**Exercise details:** Find the line in the entries below that contains "using \<open>q \<in>". Repeat it exactly, and every line after it through the line that contains "(\<Sum>q\<in>Q. \<Sum>g\<in>?G. (phi".

**Saved data entries:**
+ + + +

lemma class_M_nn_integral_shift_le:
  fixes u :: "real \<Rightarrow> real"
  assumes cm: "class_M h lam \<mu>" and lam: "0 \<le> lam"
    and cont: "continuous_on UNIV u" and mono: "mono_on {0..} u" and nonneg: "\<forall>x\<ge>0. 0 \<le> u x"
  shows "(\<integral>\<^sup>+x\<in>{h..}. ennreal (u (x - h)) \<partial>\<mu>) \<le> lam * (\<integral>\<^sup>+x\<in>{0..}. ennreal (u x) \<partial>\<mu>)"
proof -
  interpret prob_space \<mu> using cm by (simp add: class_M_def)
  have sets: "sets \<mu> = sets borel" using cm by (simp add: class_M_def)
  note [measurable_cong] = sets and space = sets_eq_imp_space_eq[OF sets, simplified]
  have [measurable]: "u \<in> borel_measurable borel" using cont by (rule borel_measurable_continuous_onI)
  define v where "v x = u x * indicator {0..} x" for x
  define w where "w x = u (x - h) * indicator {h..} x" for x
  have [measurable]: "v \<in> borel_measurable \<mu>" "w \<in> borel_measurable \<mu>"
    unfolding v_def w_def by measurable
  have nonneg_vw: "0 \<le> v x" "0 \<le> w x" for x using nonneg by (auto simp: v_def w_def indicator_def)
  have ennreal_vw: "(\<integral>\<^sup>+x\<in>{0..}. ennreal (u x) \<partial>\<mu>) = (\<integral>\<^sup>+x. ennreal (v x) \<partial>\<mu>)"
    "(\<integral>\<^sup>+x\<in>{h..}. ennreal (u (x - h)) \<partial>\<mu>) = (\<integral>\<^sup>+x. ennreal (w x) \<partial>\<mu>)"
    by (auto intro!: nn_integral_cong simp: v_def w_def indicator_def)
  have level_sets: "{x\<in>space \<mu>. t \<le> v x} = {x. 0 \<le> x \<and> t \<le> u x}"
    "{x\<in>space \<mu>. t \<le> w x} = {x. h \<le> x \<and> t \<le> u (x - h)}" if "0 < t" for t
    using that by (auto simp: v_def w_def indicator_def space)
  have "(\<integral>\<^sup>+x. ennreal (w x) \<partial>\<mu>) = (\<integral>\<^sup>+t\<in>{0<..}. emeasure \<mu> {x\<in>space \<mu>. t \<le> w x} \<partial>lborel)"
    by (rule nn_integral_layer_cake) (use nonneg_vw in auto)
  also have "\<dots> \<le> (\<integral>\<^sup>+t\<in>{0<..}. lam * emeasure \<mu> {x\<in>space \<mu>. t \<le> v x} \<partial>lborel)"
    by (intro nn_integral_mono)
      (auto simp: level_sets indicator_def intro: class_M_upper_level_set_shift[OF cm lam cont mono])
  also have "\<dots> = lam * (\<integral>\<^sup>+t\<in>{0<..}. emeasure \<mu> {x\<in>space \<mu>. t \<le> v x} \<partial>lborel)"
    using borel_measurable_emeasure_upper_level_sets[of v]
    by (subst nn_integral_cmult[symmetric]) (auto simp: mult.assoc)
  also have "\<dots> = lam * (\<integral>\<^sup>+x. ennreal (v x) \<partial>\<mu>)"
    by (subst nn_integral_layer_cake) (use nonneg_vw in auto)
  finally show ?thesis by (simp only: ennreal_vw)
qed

+ + + +

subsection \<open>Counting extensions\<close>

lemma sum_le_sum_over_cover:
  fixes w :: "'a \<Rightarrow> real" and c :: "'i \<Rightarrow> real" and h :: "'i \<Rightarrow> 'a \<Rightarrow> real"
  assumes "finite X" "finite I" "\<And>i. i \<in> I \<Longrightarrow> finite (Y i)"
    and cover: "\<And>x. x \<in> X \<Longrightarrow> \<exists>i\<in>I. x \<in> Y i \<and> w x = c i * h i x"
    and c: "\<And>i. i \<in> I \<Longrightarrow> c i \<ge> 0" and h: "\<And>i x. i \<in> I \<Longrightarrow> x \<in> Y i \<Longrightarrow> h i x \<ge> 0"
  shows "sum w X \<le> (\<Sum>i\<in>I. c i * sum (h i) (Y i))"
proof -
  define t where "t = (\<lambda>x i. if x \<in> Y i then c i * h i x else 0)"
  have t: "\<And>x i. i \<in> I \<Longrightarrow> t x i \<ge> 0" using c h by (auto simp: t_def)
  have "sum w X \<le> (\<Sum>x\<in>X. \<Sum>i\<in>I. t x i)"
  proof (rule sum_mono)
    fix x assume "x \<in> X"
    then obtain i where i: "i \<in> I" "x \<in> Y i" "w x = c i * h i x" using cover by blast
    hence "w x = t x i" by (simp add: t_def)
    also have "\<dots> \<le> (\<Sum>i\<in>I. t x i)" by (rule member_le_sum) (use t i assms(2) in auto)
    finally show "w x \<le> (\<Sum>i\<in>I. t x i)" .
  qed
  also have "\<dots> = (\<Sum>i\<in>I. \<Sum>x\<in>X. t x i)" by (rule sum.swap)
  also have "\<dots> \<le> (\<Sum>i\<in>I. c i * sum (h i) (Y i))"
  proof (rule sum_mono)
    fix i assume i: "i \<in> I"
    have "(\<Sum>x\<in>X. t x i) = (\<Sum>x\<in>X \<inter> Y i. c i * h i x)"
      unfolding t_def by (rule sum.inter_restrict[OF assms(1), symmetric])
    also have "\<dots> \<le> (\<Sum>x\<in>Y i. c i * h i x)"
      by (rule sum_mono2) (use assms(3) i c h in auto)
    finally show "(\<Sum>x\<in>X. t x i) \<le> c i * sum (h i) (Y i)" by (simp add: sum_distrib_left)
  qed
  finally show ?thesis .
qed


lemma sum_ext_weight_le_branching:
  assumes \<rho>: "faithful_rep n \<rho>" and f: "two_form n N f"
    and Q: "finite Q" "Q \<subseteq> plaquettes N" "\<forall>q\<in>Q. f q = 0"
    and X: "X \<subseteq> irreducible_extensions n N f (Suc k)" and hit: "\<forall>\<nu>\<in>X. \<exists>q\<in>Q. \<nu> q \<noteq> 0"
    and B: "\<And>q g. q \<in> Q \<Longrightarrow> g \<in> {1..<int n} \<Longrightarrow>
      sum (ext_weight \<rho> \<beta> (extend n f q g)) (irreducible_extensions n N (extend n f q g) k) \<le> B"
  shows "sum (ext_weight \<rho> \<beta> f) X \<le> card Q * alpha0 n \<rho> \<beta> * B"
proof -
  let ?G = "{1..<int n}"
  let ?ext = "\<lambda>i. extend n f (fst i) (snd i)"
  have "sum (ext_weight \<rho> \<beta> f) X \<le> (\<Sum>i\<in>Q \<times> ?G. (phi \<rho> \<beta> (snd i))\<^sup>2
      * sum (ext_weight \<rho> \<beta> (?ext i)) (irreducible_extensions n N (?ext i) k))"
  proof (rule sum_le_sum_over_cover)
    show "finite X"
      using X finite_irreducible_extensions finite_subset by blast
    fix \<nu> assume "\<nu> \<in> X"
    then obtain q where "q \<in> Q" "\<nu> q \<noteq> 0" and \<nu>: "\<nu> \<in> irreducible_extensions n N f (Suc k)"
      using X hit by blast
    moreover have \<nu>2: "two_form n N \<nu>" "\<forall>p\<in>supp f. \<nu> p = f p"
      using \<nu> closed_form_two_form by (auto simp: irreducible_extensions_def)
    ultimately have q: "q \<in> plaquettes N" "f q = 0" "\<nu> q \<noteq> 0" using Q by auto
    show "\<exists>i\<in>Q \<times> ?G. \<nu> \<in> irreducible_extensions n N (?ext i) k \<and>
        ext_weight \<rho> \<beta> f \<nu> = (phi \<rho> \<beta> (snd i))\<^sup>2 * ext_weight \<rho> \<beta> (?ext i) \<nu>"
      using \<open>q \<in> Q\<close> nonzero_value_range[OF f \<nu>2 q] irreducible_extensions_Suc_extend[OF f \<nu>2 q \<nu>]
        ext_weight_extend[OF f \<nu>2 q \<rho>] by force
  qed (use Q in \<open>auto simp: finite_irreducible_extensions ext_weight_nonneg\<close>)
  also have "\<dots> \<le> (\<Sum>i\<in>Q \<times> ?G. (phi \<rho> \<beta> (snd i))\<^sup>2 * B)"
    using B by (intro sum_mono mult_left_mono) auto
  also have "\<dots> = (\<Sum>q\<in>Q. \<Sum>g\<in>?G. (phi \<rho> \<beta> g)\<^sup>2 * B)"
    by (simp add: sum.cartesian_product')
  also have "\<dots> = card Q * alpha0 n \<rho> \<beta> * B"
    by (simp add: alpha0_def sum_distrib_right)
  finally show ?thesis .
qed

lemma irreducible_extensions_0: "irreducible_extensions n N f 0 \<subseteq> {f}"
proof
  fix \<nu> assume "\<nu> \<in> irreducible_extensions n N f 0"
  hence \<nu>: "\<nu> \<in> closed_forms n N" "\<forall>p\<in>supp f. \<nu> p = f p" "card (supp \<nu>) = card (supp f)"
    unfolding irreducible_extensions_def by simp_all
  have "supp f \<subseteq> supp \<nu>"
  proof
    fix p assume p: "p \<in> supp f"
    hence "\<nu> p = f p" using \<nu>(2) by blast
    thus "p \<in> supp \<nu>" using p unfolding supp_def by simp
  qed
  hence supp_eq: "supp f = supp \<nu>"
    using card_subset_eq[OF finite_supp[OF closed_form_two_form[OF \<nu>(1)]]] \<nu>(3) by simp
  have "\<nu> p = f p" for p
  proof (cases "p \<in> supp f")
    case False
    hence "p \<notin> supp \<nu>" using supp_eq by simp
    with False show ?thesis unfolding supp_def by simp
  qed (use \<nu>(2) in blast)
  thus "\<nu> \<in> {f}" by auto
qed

+ + + +

**Written response:**
      using \<open>q \<in> Q\<close> nonzero_value_range[OF f \<nu>2 q] irreducible_extensions_Suc_extend[OF f \<nu>2 q \<nu>]
        ext_weight_extend[OF f \<nu>2 q \<rho>] by force
  qed (use Q in \<open>auto simp: finite_irreducible_extensions ext_weight_nonneg\<close>)
  also have "\<dots> \<le> (\<Sum>i\<in>Q \<times> ?G. (phi \<rho> \<beta> (snd i))\<^sup>2 * B)"
    using B by (intro sum_mono mult_left_mono) auto
  also have "\<dots> = (\<Sum>q\<in>Q. \<Sum>g\<in>?G. (phi \<rho> \<beta> g)\<^sup>2 * B)"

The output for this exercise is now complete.